Thanks to Sandy Berkshire of Stuart’s House of Vacuums, Billings, MT for pointing out the following article.

Consultant Stacy Karacostas has written an excellent article called “Business-Building Lessons Learned in 2009: What Highly-Successful Small Business Owners Are Doing that You Can Do Too”. The title’s a mouthful but the article offers some very good advice on surviving and even thriving in our current economy.

The article promises ten things that successful entrepreneurs are doing but delivers only nine.  I guess that’s further evidence that the economy’s a mess.  Maybe the government’s imposed a 10% tax on internet lists.  Yeah, I’ll bet that’s it.

Anyway, I encourage you to read the article for the details, but here are the bullet points with some added commentary from yours truly.

1.  Forget about the state of the economy. I’m not sure you can entirely forget it, but don’t dwell on it, especially the emotional, mental part.  You have to look and act successful to be successful.

2.  Offer something new. People need something exciting in their lives.  Make your business exciting by adding new products, or just remerchandising your product line-up.

3.  Stop guessing. Ask your customers what they want.  Then give it to them.

4.  Embrace technology. More on this later.

5.  Build your list.  Use your customer list to build up your business.

6.  Provide value. I would add to this one, let your customers know about the value you provide.  Don’t be afraid to blow your own horn.

7.  Embrace mixed media marketing.  You can’t build a house with just one tool.  Use the whole box!

8.  Keep learning. Your customers are getting smarter every day.

9.  Stop doing it all yourself. If you haven’t already, read Michael Gerber’s “The E Myth Revisited.  If you’ve already read it, read it again.  Focus your efforts on what only you can do.

I’ve highlighted numbers 3, 4, 7, and 8 to create  MTS’s number 10.   Get out there!
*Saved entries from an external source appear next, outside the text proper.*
lemma alternating_boundary_root:
  assumes "even (length ms)" "e \<noteq> 0" "l0 \<noteq> 0" "l0 \<noteq> -1" "at l0 within S \<noteq> bot"
    and near: "\<forall>\<^sub>F l in at l0 within S. alternating e l ms" and "\<not> alternating e l0 ms"
  shows "fst (run_state l0 ms (length ms)) = 0"
proof -
  let ?q = "\<lambda>l i. (if even i then e else - e) * run_product l ms (Suc i)"
  have "0 \<le> ?q l0 i" if "i < length ms" for i
  proof (rule tendsto_lowerbound[OF _ _ assms(5)])
    show "((\<lambda>l. ?q l i) \<longlongrightarrow> ?q l0 i) (at l0 within S)"
      unfolding run_product_def by (intro tendsto_intros tendsto_run_state assms(3,4))
    show "\<forall>\<^sub>F l in at l0 within S. 0 \<le> ?q l i"
      using near by (rule eventually_mono) (use that in \<open>simp add: alternating_def less_imp_le\<close>)
  qed
  then obtain j where j: "j < length ms" and zero: "run_product l0 ms (Suc j) = 0"
    and moved: "(if odd (Suc j) then fst else snd) (run_state l0 ms (Suc j)) \<noteq> 0"
    using first_vanishing_run_product[OF assms(2,7)] by blast
  show ?thesis
  proof (cases "Suc j = length ms")
    case True
    then have "snd (run_state l0 ms (Suc j)) \<noteq> 0"
      using moved assms(1) by simp
    then show ?thesis
      using zero True by (simp add: run_product_def)
  next
    case False
    then have next_run: "Suc j < length ms"
      using j by simp
    have opposite: "x * y < 0" if "0 < c * x" "0 < - c * y" for c x y :: real
      using that by (auto simp: zero_less_mult_iff mult_less_0_iff)
    have "\<forall>\<^sub>F l in at l0 within S. 0 \<le> run_product l ms (Suc j) * run_product l ms (Suc (Suc j))"
      by (rule eventually_run_products_same_sign[OF assms(3,4) zero moved])
    moreover have
      "\<forall>\<^sub>F l in at l0 within S. run_product l ms (Suc j) * run_product l ms (Suc (Suc j)) < 0"
      using near
    proof (rule eventually_mono)
      fix l assume "alternating e l ms"
      then have "0 < ?q l j" "0 < ?q l (Suc j)"
        using j next_run by (auto simp: alternating_def)
      then show "run_product l ms (Suc j) * run_product l ms (Suc (Suc j)) < 0"
        by (intro opposite[of "if even j then e else - e"]) auto
    qed
    ultimately have "\<forall>\<^sub>F l in at l0 within S. False"
      by eventually_elim simp
    then show ?thesis
      using assms(5) by simp
  qed
qed

lemma moebius_bounds_of_ge_4:
  fixes x k :: real
  assumes "4 \<le> x" "k \<le> -6/7"
  shows "1 + k * x < 0" "-2 \<le> x / (1 + k * x)" "x / (1 + k * x) < 0"
proof -
  have "k * x \<le> -6/7 * x"
    using assms by (intro mult_right_mono) auto
  then show neg: "1 + k * x < 0"
    using assms(1) by linarith
  show "x / (1 + k * x) < 0"
    using neg assms(1) by (simp add: divide_pos_neg)
  have "x * (1 + 2 * k) \<le> 4 * (1 + 2 * k)"
    using assms by (intro mult_right_mono_neg) auto
  then have "x \<le> -2 * (1 + k * x)"
    using assms(2) by (simp add: algebra_simps)
  then show "-2 \<le> x / (1 + k * x)"
    using neg by (simp add: neg_le_divide_eq)
qed

lemma moebius_bounds_of_le_neg_quarter:
  fixes x k :: real
  assumes "x \<le> -1/4" "6 \<le> k"
  shows "1 + k * x < 0" "0 < x / (1 + k * x)" "x / (1 + k * x) \<le> 1/2"
proof -
  have "k * x \<le> 6 * x"
    using assms by (intro mult_right_mono_neg) auto
  then show neg: "1 + k * x < 0"
    using assms(1) by linarith
  show "0 < x / (1 + k * x)"
    using neg assms(1) by (simp add: divide_neg_neg)
  have "1 + k * x \<le> 2 * x"
    using \<open>k * x \<le> 6 * x\<close> assms(1) by linarith
  then show "x / (1 + k * x) \<le> 1/2"
    using neg by (simp add: field_simps)
qed

lemma run_state_ratio_near_zero:
  assumes pos: "\<forall>i<length ms. 0 < ms ! i" and "0 < l" "l \<le> 1/6" "i \<le> length ms"
  shows "fst (run_state l ms i) \<noteq> 0 \<and> (if odd i then 4 \<le> ratio (run_state l ms i)
    else -2 \<le> ratio (run_state l ms i) \<and> (0 < i \<longrightarrow> ratio (run_state l ms i) < 0))"
proof -
  have iso: "6 \<le> isolated_coeff l" and dom: "dominating_coeff l \<le> -6/7"
    using assms(2,3) by (simp_all add: isolated_coeff_def dominating_coeff_def field_simps)
  show ?thesis
    using assms(4)
  proof (induction i)
    case (Suc i)
    let ?v = "run_state l ms i" and ?m = "real (ms ! i)"
    have m: "1 \<le> ?m" and T: "fst ?v \<noteq> 0"
      using pos Suc by (auto simp: Suc_le_eq)
    show ?case
    proof (cases "odd i")
      case True
      have "?m * dominating_coeff l \<le> 1 * dominating_coeff l"
        using m dom by (intro mult_right_mono_neg) auto
      then have "?m * dominating_coeff l \<le> -6/7"
        using dom by linarith
      moreover have "4 \<le> ratio ?v"
        using Suc True by simp
      ultimately show ?thesis
        using moebius_bounds_of_ge_4[of "ratio ?v" "?m * dominating_coeff l"] True T
        by (simp add: run_state.simps(2) fst_run_step_dominating ratio_run_step_dominating mult.assoc)
    next
      case False
      have "1 * isolated_coeff l \<le> ?m * isolated_coeff l"
        using m iso by (intro mult_right_mono) auto
      then have "6 \<le> ?m * isolated_coeff l"
        using iso by linarith
      moreover have "-2 \<le> ratio ?v"
        using Suc False by simp
      ultimately show ?thesis
        using False T by (simp add: run_state.simps(2) fst_run_step ratio_run_step_isolated)
    qed
  qed (simp add: ratio_def)
qed

lemma alternating_near_zero:
  assumes "\<forall>i<length ms. 0 < ms ! i" and "0 < l" "l \<le> 1/6"
  shows "alternating 1 l ms"
  unfolding alternating_iff_ratio
proof (intro allI impI)
  fix i assume "i < length ms"
  then show "fst (run_state l ms (Suc i)) \<noteq> 0 \<and>
      0 < (if even i then 1 else - 1) * ratio (run_state l ms (Suc i))"
    using run_state_ratio_near_zero[OF assms, of "Suc i"] by auto
qed

lemma run_state_ratio_near_minus_one:
  assumes pos: "\<forall>i<length ms. 0 < ms ! i" and first: "2 \<le> ms ! 0"
    and "-7/6 \<le> l" "l < -1" "i \<le> length ms"
  shows "fst (run_state l ms i) \<noteq> 0 \<and> (if odd i then ratio (run_state l ms i) \<le> -1/4
    else ratio (run_state l ms i) \<le> 1 \<and>
      (0 < i \<longrightarrow> 0 < ratio (run_state l ms i) \<and> ratio (run_state l ms i) \<le> 1/2))"
proof -
  have iso: "isolated_coeff l \<le> -6/7" and dom: "6 \<le> dominating_coeff l"
    using assms(3,4) by (simp_all add: isolated_coeff_def dominating_coeff_def field_simps)
  show ?thesis
    using assms(5)
  proof (induction i)
    case (Suc i)
    let ?v = "run_state l ms i" and ?m = "real (ms ! i)"
    have m: "1 \<le> ?m" and T: "fst ?v \<noteq> 0"
      using pos Suc by (auto simp: Suc_le_eq)
    show ?case
    proof (cases "odd i")
      case True
      have "1 * dominating_coeff l \<le> ?m * dominating_coeff l"
        using m dom by (intro mult_right_mono) auto
      then have "6 \<le> ?m * dominating_coeff l"
        using dom by linarith
      moreover have "ratio ?v \<le> -1/4"
        using Suc True by simp
      ultimately show ?thesis
        using moebius_bounds_of_le_neg_quarter[of "ratio ?v" "?m * dominating_coeff l"] True T
        by (simp add: run_state.simps(2) fst_run_step_dominating ratio_run_step_dominating mult.assoc)
    next
      case False
      have "ratio ?v + ?m * isolated_coeff l \<le> -1/4"
      proof (cases "i = 0")
        case True
        have "?m * isolated_coeff l \<le> 2 * isolated_coeff l"
          using first iso True by (intro mult_right_mono_neg) auto
        moreover have "ratio ?v = 1"
          using True by (simp add: ratio_def)
        ultimately show ?thesis
          using iso by linarith
      next
        case False
        have "?m * isolated_coeff l \<le> 1 * isolated_coeff l"
          using m iso by (intro mult_right_mono_neg) auto
        moreover have "ratio ?v \<le> 1/2"
          using Suc False \<open>\<not> odd i\<close> by simp
        ultimately show ?thesis
          using iso by linarith
      qed
      then show ?thesis
        using False T by (simp add: run_state.simps(2) fst_run_step ratio_run_step_isolated)
    qed
  qed (simp add: ratio_def)
qed

lemma alternating_near_minus_one:
  assumes "\<forall>i<length ms. 0 < ms ! i" and "2 \<le> ms ! 0"
    and "-7/6 \<le> l" "l < -1"
  shows "alternating (-1) l ms"
  unfolding alternating_iff_ratio
proof (intro allI impI)
  fix i assume "i < length ms"
  then show "fst (run_state l ms (Suc i)) \<noteq> 0 \<and>
      0 < (if even i then - 1 else - (- 1)) * ratio (run_state l ms (Suc i))"
    using run_state_ratio_near_minus_one[OF assms, of "Suc i"] by auto
qed

lemma first_failure_left:
  fixes P :: "real \<Rightarrow> bool"
  assumes "a < d" "d < l1" and init: "\<forall>l\<in>{a<..d}. P l" and "\<not> P l1"
    and openness: "\<And>l. a < l \<Longrightarrow> P l \<Longrightarrow> \<forall>\<^sub>F x in at l. P x"
  shows "\<exists>l0\<in>{d<..l1}. \<not> P l0 \<and> (\<forall>\<^sub>F l in at_left l0. P l)"
proof -
  define K where "K = {l. d \<le> l \<and> l \<le> l1 \<and> \<not> P l}"
  define l0 where "l0 = Inf K"
  have "l1 \<in> K" and bdd: "bdd_below K"
    using assms by (auto simp: K_def intro: bdd_belowI[of _ d])
  then have "K \<noteq> {}" "l0 \<le> l1"
    by (auto simp: l0_def intro: cInf_lower)
  then have "d \<le> l0"
    unfolding l0_def by (auto simp: K_def intro: cInf_greatest)
  have below: "P l" if "a < l" "l < l0" for l
  proof (cases "l \<le> d")
    case False
    have "l \<notin> K"
      using that(2) cInf_lower[OF _ bdd] by (force simp: l0_def)
    then show ?thesis
      using False that(2) \<open>l0 \<le> l1\<close> by (simp add: K_def)
  qed (use init that in simp)
  have "\<not> P l0"
  proof
    assume "P l0"
    then obtain \<delta> where "0 < \<delta>" and near: "\<And>x. x \<noteq> l0 \<Longrightarrow> dist x l0 < \<delta> \<Longrightarrow> P x"
      using openness[of l0] \<open>d \<le> l0\<close> \<open>a < d\<close> by (auto simp: eventually_at)
    then obtain k where "k \<in> K" "k < l0 + \<delta>"
      using cInf_less_iff[OF \<open>K \<noteq> {}\<close> bdd, of "l0 + \<delta>"] by (auto simp: l0_def)
    moreover have "l0 \<le> k"
      using \<open>k \<in> K\<close> bdd by (simp add: l0_def cInf_lower)
    ultimately show False
      using near[of k] \<open>P l0\<close> by (cases "k = l0") (auto simp: K_def dist_real_def)
  qed
  then have "d < l0"
    using init \<open>d \<le> l0\<close> \<open>a < d\<close> by (cases "l0 = d") auto
  moreover have "\<forall>\<^sub>F l in at_left l0. P l"
    using eventually_at_left_real[of a l0] \<open>a < d\<close> \<open>d \<le> l0\<close> by (auto elim: eventually_mono intro: below)
  ultimately show ?thesis
    using \<open>\<not> P l0\<close> \<open>l0 \<le> l1\<close> by auto
qed

lemma first_failure_right:
  fixes P :: "real \<Rightarrow> bool"
  assumes "l1 < d" "d < a" and "\<forall>l\<in>{d..<a}. P l" and "\<not> P l1"
    and openness: "\<And>l. l < a \<Longrightarrow> P l \<Longrightarrow> \<forall>\<^sub>F x in at l. P x"
  shows "\<exists>l0\<in>{l1..<d}. \<not> P l0 \<and> (\<forall>\<^sub>F l in at_right l0. P l)"
proof -
  have "\<exists>l0\<in>{- d<..- l1}. \<not> P (- l0) \<and> (\<forall>\<^sub>F l in at_left l0. P (- l))"
  proof (rule first_failure_left)
    fix l assume "- a < l" "P (- l)"
    then have "\<forall>\<^sub>F x in at (- l). P x"
      using openness by simp
    then show "\<forall>\<^sub>F x in at l. P (- x)"
      by (simp add: filtermap_at_minus[symmetric] eventually_filtermap)
  qed (use assms in \<open>auto simp: minus_less_iff less_minus_iff\<close>)
  then obtain l0 where "l0 \<in> {- d<..- l1}" "\<not> P (- l0)" "\<forall>\<^sub>F l in at_left l0. P (- l)"
    by blast
  then show ?thesis
    by (intro bexI[of _ "- l0"]) (auto simp: at_right_minus eventually_filtermap)
qed

lemma positive_root_of_not_alternating:
  assumes "even (length ms)" and pos: "\<forall>i<length ms. 0 < ms ! i"
    and "0 < l1" "\<not> alternating 1 l1 ms"
  shows "\<exists>l0\<in>{0<..l1}. fst (run_state l0 ms (length ms)) = 0"
proof -
  have "1/6 < l1"
    using alternating_near_zero[OF pos] assms(3,4) by force
  then obtain l0 where l0: "l0 \<in> {1/6<..l1}" "\<not> alternating 1 l0 ms"
    and near: "\<forall>\<^sub>F l in at_left l0. alternating 1 l ms"
    using first_failure_left[of 0 "1/6" l1 "\<lambda>l. alternating 1 l ms"]
      alternating_near_zero[OF pos] eventually_alternating assms(4) by force
  have "fst (run_state l0 ms (length ms)) = 0"
    using l0 by (intro alternating_boundary_root[OF assms(1) _ _ _ _ near]) auto
  then show ?thesis
    using l0(1) by force
qed

lemma root_below_minus_one_of_not_alternating:
  assumes "even (length ms)" and pos: "\<forall>i<length ms. 0 < ms ! i" and first: "2 \<le> ms ! 0"
    and "l1 < -1" "\<not> alternating (-1) l1 ms"
  shows "\<exists>l0\<in>{l1..< -1}. fst (run_state l0 ms (length ms)) = 0"
proof -
  have "l1 < -7/6"
    using alternating_near_minus_one[OF pos first, of l1] assms(4,5) by (meson not_le)
  then obtain l0 where l0: "l0 \<in> {l1..< -7/6}" "\<not> alternating (-1) l0 ms"
    and near: "\<forall>\<^sub>F l in at_right l0. alternating (-1) l ms"
    using first_failure_right[of l1 "-7/6" "-1" "\<lambda>l. alternating (-1) l ms"]
      alternating_near_minus_one[OF pos first] eventually_alternating assms(5) by force
  have "fst (run_state l0 ms (length ms)) = 0"
    using l0 by (intro alternating_boundary_root[OF assms(1) _ _ _ _ near]) auto
  then show ?thesis
    using l0(1) by force
qed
Get online.  Get on Facebook.  Get on LinkedIn.  Use all the tools at your disposal to find out what your customers want (3).  Use Facebook, or the brand-new Google Buzz to create a community of people who are interested in what you sell and then talk and listen to them every single day (4, 7,8).

You hope your customers are talking about you in a positive way.  If so, they’re probably doing it through social media.  If they’re talking about you in negative terms, they’re using the same social media.  Either way, you must be part of that conversation.  (See Retailers, What to do About the Internet.)

I guess I’ll add a number 11 and a number 12.

11.  Under promise and over deliver.  Nuff said.

12.  Keep on keeping on.  If you’ve been watching the Olympics you’ve seen stories about athletes who keep coming back even though they’ve failed many times in the past.  It’s called persistence and it’s the difference between a gold medal and a long, lonely trip back home.